Now let's build our model! We'll implement the classic Matrix Factorization with biases:

$$\hat{r}_{ui} = \mu + b_u + b_i + \mathbf{p}_u \cdot \mathbf{q}_i$$

Where:
- $\mu$ = global average rating
- $b_u$ = user bias ("does this user tend to rate high or low?")
- $b_i$ = item bias ("is this movie generally liked or disliked?")
- $\mathbf{p}_u$ = user embedding vector
- $\mathbf{q}_i$ = item embedding vector

In [None]:
class MatrixFactorization(nn.Module):
    """
    Matrix Factorization for Collaborative Filtering.
    
    This is the model that won the Netflix Prize!
    
    The key insight: every user and every item can be represented
    as a vector in a shared "latent space". Similar users have 
    similar vectors.

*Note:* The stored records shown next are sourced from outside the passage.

section \<open>Norm convergence and series\<close>

text \<open>The class \<^class>\<open>complex_inner\<close> carries no topology, so limits are taken with respect to
  \<^const>\<open>cnorm\<close> by hand.\<close>

definition ctendsto :: "(nat \<Rightarrow> 'a::complex_inner) \<Rightarrow> 'a \<Rightarrow> bool" where
  "ctendsto X L \<longleftrightarrow> (\<lambda>n. cnorm (X n - L)) \<longlonglongrightarrow> 0"

lemma ctendsto_comparison:
  assumes "\<And>n. cnorm (X n - L) \<le> g n" and "g \<longlonglongrightarrow> 0"
  shows "ctendsto X L"
  unfolding ctendsto_def by (rule Lim_null_comparison[where g = g]) (use assms in auto)

lemma ctendsto_unique:
  assumes "ctendsto X a" and "ctendsto X b"
  shows "a = b"
proof -
  have "cnorm (a - b) \<le> cnorm (X n - b) + cnorm (X n - a)" for n
    using cnorm_triangle_ineq[of "X n - b" "a - X n"] cnorm_minus_commute[of a "X n"] by simp
  moreover have "(\<lambda>n. cnorm (X n - b) + cnorm (X n - a)) \<longlonglongrightarrow> 0"
    using assms tendsto_add[of _ 0 _ _ 0] unfolding ctendsto_def by auto
  ultimately have "cnorm (a - b) \<le> 0"
    by (intro LIMSEQ_le_const) auto
  then have "cnorm (a - b) = 0"
    using cnorm_nonneg[of "a - b"] by linarith
  then show ?thesis
    by simp
qed

lemma ctendsto_const: "ctendsto (\<lambda>n. L) L"
  by (simp add: ctendsto_def)

lemma ctendsto_Suc: "ctendsto X L \<Longrightarrow> ctendsto (\<lambda>n. X (Suc n)) L"
  unfolding ctendsto_def by (rule LIMSEQ_Suc)

lemma ctendsto_add_left: "ctendsto X L \<Longrightarrow> ctendsto (\<lambda>n. u + X n) (u + L)"
  by (simp add: ctendsto_def)

lemma ctendsto_bounded_clinear:
  assumes "bounded_clinear T" and "ctendsto X L"
  shows "ctendsto (\<lambda>n. T (X n)) (T L)"
proof -
  obtain K where K: "\<And>x. cnorm (T x) \<le> K * cnorm x"
    using assms(1) by (meson bounded_clinear_bound)
  show ?thesis
  proof (rule ctendsto_comparison)
    show "cnorm (T (X n) - T L) \<le> K * cnorm (X n - L)" for n
      using K by (simp add: bounded_clinear_diff[OF assms(1), symmetric])
    show "(\<lambda>n. K * cnorm (X n - L)) \<longlonglongrightarrow> 0"
      using assms(2) unfolding ctendsto_def by (rule tendsto_mult_right_zero)
  qed
qed

lemma tendsto_cinner_left:
  assumes "ctendsto X L"
  shows "(\<lambda>n. cinner (X n) z) \<longlonglongrightarrow> cinner L z"
proof -
  have "(\<lambda>n. cnorm (X n - L) * cnorm z) \<longlonglongrightarrow> 0"
    using assms unfolding ctendsto_def by (intro tendsto_mult_left_zero)
  then have "(\<lambda>n. cinner (X n) z - cinner L z) \<longlonglongrightarrow> 0"
    by (rule Lim_null_comparison[rotated]) (simp add: cinner_diff_left[symmetric] cnorm_cauchy_schwarz)
  then show ?thesis
    by (rule LIM_zero_cancel)
qed

lemma ctendsto_partial_sums_Cauchy:
  fixes z :: "nat \<Rightarrow> 'a::complex_hilbert"
  assumes "\<And>e. 0 < e \<Longrightarrow> \<exists>N. \<forall>m\<ge>N. \<forall>n\<ge>m. cnorm (\<Sum>k\<in>{m..<n}. z k) < e"
  shows "\<exists>L. ctendsto (\<lambda>N. \<Sum>n<N. z n) L"
proof -
  have Cauchy: "\<exists>N. \<forall>m\<ge>N. \<forall>n\<ge>N. cnorm ((\<Sum>k<m. z k) - (\<Sum>k<n. z k)) < e"
    if "0 < e" for e
  proof -
    obtain N where N: "\<And>m n. N \<le> m \<Longrightarrow> m \<le> n \<Longrightarrow> cnorm (\<Sum>k\<in>{m..<n}. z k) < e"
      using assms[OF \<open>0 < e\<close>] by blast
    have N': "cnorm ((\<Sum>k<n. z k) - (\<Sum>k<m. z k)) < e" if "N \<le> m" "m \<le> n" for m n
      using N[OF that] that by (simp add: lessThan_atLeast0 sum_diff_nat_ivl)
    have "cnorm ((\<Sum>k<m. z k) - (\<Sum>k<n. z k)) < e" if "N \<le> m" "N \<le> n" for m n
    proof (cases "m \<le> n")
      case True
      then show ?thesis
        using N'[of m n] that cnorm_minus_commute[of "\<Sum>k<m. z k"] by simp
    next
      case False
      then show ?thesis
        using N'[of n m] that by simp
    qed
    then show ?thesis
      by blast
  qed
  show ?thesis
    unfolding ctendsto_def by (rule cauchy_convergent) (simp add: Cauchy)
qed

lemma ctendsto_summable_cnorm:
  fixes z :: "nat \<Rightarrow> 'a::complex_hilbert"
  assumes "summable (\<lambda>n. cnorm (z n))"
  shows "\<exists>L. ctendsto (\<lambda>N. \<Sum>n<N. z n) L"
proof (rule ctendsto_partial_sums_Cauchy)
  fix e :: real
  assume "0 < e"
  then obtain N where N: "\<forall>m\<ge>N. \<forall>n. \<bar>\<Sum>k\<in>{m..<n}. cnorm (z k)\<bar> < e"
    using assms unfolding summable_Cauchy by auto
  have "cnorm (\<Sum>k\<in>{m..<n}. z k) < e" if "N \<le> m" for m n
  proof -
    have "(\<Sum>k\<in>{m..<n}. cnorm (z k)) < e"
      using N that by (simp add: abs_less_iff)
    then show ?thesis
      using cnorm_sum[of z "{m..<n}"] by linarith
  qed
  then show "\<exists>N. \<forall>m\<ge>N. \<forall>n\<ge>m. cnorm (\<Sum>k\<in>{m..<n}. z k) < e"
    by blast
qed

Similar movies have similar vectors.
    """
    
    def __init__(self, num_users, num_items, embedding_dim=64):
        super().__init__()
        
        self.num_users = num_users
        self.num_items = num_items
        self.embedding_dim = embedding_dim
        
        # User and item embeddings (the "P" and "Q" matrices)
        self.user_embeddings = nn.Embedding(num_users, embedding_dim)
        self.item_embeddings = nn.Embedding(num_items, embedding_dim)
        
        # Bias terms (very important for accuracy!)
        self.user_bias = nn.Embedding(num_users, 1)
        self.item_bias = nn.Embedding(num_items, 1)
        self.global_bias = nn.Parameter(torch.zeros(1))
        
        # Initialize with small random values
        self._init_weights()
        
    def _init_weights(self):
        """Initialize embeddings with small values to prevent exploding gradients."""
        nn.init.normal_(self.user_embeddings.weight, std=0.01)
        nn.init.normal_(self.item_embeddings.weight, std=0.01)
        nn.init.zeros_(self.user_bias.weight)
        nn.init.zeros_(self.item_bias.weight)
        
    def forward(self, user_ids, item_ids):
        """
        Predict ratings for user-item pairs.
        
        Args:
            user_ids: Tensor of user IDs (batch_size,)
            item_ids: Tensor of item IDs (batch_size,)
            
        Returns:
            Predicted ratings (batch_size,)
        """
        # Look up embeddings
        user_emb = self.user_embeddings(user_ids)  # (batch, dim)
        item_emb = self.item_embeddings(item_ids)  # (batch, dim)
        
        # Dot product: sum of element-wise multiplication
        interaction = (user_emb * item_emb).sum(dim=1)  # (batch,)
        
        # Add all the biases
        prediction = (
            self.global_bias +           # Overall average
            self.user_bias(user_ids).squeeze() +  # User tendency
            self.item_bias(item_ids).squeeze() +  # Item tendency
            interaction                  # User-item affinity
        )
        
        return prediction
    
    def recommend_for_user(self, user_id, top_k=10, exclude_rated=None):
        """
        Get top-K recommendations for a user.
        
        Args:
            user_id: The user to recommend for
            top_k: Number of recommendations
            exclude_rated: Set of already-rated item IDs to exclude
            
        Returns:
            Tuple of (item_ids, predicted_ratings)
        """
        self.eval()
        with torch.no_grad():
            # Predict for all items
            user_ids = torch.LongTensor([user_id] * self.num_items).to(
                next(self.parameters()).device
            )
            item_ids = torch.arange(self.num_items).to(
                next(self.parameters()).device
            )
            
            predictions = self(user_ids, item_ids)
            
            # Exclude already-rated items
            if exclude_rated is not None:
                for item in exclude_rated:
                    predictions[item] = float('-inf')
            
            # Get top K
            top_scores, top_items = torch.topk(predictions, top_k)
            
        return top_items.cpu().numpy(), top_scores.cpu().numpy()

# Quick test
num_users = ratings_df['user_id'].nunique()
num_items = ratings_df['item_id'].nunique()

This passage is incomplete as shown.